Extracted data entries:
######

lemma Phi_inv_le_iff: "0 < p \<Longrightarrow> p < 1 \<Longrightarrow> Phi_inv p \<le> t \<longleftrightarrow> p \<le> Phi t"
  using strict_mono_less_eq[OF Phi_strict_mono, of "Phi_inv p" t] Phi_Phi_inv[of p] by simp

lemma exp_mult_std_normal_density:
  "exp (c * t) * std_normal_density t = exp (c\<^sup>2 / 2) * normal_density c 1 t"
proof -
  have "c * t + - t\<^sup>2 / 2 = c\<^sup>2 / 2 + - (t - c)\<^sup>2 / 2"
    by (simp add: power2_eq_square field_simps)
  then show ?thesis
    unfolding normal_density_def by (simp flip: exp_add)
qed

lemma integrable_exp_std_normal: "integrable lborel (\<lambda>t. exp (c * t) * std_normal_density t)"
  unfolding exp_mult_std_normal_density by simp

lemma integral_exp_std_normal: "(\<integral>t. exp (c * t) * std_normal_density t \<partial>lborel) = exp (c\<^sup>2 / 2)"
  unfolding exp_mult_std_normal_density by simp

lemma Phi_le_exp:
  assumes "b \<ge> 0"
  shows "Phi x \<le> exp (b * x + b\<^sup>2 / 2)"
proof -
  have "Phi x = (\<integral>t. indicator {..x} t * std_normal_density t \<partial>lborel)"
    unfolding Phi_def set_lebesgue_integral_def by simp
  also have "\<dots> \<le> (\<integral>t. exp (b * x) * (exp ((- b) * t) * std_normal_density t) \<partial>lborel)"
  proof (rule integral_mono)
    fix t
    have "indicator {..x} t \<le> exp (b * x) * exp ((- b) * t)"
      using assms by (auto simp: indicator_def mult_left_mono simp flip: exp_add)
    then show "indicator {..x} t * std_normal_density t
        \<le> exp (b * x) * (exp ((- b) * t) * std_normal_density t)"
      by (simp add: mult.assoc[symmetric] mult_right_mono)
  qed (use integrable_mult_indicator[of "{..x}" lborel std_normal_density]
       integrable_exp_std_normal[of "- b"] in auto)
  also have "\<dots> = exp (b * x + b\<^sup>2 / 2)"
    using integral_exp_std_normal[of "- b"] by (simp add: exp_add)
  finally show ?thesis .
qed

######

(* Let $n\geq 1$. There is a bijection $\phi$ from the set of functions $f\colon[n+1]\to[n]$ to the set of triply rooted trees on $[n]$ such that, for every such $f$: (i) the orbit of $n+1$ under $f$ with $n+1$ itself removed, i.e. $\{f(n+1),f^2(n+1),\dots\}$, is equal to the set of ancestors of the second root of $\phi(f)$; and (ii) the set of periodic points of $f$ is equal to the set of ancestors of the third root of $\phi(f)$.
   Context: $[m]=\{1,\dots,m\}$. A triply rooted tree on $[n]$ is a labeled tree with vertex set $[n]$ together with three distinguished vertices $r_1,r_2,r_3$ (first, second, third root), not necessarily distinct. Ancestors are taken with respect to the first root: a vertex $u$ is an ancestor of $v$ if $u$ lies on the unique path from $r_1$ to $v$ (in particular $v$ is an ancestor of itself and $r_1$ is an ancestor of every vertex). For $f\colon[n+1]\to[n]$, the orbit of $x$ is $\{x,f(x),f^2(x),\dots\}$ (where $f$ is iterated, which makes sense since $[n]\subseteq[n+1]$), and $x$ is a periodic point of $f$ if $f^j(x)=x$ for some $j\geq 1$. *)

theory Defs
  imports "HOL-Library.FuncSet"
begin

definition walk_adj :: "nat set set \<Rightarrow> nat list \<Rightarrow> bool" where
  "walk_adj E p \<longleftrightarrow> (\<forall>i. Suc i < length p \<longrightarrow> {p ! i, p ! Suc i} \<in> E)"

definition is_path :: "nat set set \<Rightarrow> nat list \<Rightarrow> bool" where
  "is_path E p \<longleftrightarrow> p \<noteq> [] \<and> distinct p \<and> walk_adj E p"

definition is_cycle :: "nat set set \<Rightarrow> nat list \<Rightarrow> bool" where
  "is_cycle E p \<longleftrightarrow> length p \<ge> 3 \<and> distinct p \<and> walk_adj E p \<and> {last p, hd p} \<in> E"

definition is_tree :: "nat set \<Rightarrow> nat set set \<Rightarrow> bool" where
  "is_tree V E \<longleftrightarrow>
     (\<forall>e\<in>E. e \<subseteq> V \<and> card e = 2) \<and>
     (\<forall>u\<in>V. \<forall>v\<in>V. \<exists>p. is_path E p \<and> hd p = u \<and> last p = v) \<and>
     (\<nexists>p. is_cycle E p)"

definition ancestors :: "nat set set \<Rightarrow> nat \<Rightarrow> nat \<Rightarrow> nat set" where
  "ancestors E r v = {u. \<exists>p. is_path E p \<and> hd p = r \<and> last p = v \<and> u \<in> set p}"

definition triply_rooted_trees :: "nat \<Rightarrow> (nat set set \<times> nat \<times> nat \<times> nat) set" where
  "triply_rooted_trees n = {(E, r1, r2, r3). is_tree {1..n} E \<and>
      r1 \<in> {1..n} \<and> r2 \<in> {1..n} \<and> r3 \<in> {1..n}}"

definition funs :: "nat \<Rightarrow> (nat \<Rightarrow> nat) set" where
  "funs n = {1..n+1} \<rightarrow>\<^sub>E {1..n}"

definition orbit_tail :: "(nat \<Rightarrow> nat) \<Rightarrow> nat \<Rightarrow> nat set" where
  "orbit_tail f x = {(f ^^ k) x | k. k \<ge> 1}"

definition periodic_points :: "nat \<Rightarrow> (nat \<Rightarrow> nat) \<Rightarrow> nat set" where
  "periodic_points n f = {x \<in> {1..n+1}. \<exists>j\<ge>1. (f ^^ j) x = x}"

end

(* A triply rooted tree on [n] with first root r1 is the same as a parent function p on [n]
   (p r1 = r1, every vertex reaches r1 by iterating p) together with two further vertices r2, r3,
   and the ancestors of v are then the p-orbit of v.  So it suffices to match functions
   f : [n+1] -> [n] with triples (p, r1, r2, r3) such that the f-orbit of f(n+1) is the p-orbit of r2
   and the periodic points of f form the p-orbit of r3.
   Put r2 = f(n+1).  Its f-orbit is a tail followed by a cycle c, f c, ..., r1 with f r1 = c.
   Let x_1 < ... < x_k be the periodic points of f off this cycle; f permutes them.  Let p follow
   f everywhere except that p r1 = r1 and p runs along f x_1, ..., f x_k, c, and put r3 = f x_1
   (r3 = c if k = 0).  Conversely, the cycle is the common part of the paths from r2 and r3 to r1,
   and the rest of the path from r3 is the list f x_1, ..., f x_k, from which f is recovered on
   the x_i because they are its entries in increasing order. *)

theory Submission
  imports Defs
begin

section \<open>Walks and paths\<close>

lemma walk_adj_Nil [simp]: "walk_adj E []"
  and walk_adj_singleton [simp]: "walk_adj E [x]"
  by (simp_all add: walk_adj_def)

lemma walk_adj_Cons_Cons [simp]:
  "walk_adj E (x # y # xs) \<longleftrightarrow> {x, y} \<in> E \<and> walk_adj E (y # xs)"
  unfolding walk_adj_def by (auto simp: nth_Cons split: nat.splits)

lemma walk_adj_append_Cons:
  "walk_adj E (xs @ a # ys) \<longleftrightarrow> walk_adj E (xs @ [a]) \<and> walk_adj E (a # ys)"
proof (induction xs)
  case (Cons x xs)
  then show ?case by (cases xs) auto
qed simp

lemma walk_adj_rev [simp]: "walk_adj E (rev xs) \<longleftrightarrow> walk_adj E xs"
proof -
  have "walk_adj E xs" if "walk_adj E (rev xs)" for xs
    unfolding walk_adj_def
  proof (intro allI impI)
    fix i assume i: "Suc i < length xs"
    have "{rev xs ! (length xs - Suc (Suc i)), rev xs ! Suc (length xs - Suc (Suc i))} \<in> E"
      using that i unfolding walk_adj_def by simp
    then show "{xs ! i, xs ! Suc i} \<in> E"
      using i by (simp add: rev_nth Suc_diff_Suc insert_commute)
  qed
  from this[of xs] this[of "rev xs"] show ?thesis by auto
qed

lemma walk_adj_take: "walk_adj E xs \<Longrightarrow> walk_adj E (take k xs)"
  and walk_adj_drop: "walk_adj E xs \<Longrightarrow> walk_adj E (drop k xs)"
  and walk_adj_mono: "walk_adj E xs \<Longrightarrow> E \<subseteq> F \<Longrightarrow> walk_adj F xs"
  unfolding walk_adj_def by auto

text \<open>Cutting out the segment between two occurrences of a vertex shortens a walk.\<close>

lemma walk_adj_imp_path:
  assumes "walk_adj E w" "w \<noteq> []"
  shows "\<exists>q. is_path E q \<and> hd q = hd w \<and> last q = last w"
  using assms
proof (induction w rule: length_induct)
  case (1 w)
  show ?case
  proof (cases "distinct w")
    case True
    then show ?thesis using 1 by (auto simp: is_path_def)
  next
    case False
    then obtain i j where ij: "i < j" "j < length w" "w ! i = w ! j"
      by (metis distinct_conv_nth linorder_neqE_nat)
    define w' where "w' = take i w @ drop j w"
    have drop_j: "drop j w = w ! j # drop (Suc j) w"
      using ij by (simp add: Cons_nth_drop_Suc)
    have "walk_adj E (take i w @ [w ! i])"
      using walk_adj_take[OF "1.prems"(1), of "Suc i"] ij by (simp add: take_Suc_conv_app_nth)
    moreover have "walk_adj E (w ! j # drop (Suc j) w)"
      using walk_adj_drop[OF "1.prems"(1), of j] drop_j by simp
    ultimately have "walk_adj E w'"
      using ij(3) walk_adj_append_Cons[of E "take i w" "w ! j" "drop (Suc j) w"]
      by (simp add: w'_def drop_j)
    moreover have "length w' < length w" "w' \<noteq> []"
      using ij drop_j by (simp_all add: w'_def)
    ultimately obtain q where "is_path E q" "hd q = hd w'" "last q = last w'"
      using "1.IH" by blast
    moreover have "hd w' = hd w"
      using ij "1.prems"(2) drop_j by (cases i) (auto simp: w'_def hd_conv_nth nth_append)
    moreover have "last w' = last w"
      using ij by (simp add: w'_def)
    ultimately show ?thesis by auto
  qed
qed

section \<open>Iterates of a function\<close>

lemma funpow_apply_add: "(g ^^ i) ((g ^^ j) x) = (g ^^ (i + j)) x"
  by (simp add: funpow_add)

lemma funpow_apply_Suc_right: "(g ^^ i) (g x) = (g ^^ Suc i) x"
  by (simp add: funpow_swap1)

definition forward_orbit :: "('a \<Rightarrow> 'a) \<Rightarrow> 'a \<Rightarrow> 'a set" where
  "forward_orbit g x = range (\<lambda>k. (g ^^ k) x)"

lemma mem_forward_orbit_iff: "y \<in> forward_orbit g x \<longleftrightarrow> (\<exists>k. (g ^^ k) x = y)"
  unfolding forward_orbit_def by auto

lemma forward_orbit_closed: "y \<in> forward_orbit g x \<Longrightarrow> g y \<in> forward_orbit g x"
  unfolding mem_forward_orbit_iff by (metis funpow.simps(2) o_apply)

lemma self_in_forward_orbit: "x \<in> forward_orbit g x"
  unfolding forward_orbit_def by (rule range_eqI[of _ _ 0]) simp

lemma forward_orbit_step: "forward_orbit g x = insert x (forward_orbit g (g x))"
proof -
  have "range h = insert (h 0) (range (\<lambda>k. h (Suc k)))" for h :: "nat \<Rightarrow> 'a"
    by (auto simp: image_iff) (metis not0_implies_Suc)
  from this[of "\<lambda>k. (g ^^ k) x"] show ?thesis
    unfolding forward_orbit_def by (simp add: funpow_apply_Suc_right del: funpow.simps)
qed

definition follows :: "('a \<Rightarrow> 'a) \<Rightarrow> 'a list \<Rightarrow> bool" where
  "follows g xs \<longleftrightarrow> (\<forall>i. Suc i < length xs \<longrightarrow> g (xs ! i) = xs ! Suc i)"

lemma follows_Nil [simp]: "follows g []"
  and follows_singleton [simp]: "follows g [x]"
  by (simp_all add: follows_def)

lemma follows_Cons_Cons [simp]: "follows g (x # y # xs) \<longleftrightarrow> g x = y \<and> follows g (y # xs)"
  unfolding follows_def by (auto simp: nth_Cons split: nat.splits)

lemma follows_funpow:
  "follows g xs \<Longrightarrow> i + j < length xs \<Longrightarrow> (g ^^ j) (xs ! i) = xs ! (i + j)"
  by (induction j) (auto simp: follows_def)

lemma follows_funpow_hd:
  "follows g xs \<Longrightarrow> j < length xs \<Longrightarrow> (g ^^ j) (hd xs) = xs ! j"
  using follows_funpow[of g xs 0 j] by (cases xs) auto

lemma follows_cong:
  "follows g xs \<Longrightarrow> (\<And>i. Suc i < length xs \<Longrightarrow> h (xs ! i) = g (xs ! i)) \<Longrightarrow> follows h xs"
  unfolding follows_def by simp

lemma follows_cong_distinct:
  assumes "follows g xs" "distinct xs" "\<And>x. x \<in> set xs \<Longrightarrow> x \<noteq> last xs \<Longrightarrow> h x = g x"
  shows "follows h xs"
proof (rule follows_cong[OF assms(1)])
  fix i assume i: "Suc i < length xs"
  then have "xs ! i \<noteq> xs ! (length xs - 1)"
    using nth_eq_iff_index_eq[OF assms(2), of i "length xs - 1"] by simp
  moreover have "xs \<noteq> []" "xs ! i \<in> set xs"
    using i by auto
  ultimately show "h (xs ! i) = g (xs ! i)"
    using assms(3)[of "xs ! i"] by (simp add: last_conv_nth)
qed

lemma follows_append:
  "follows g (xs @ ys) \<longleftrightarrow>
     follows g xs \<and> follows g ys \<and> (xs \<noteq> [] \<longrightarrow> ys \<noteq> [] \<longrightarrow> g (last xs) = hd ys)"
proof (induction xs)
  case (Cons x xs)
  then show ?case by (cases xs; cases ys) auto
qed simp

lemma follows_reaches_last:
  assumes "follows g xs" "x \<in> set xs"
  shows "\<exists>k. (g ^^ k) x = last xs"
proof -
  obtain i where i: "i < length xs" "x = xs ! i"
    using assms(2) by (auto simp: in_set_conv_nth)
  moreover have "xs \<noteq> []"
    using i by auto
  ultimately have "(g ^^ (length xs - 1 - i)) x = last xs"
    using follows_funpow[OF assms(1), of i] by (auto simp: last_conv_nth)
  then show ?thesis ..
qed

######

In the lines above, find each one with "moreover" and list it.

> [FINISHED EXERCISE]
    moreover have "walk_adj E (w ! j # drop (Suc j) w)"
    moreover have "length w' < length w" "w' \<noteq> []"
    moreover have "hd w' = hd w"
    moreover have "last w' = last w"
  moreover have "xs \<noteq> []" "xs ! i \<in> set xs"
  moreover have "xs \<noteq> []"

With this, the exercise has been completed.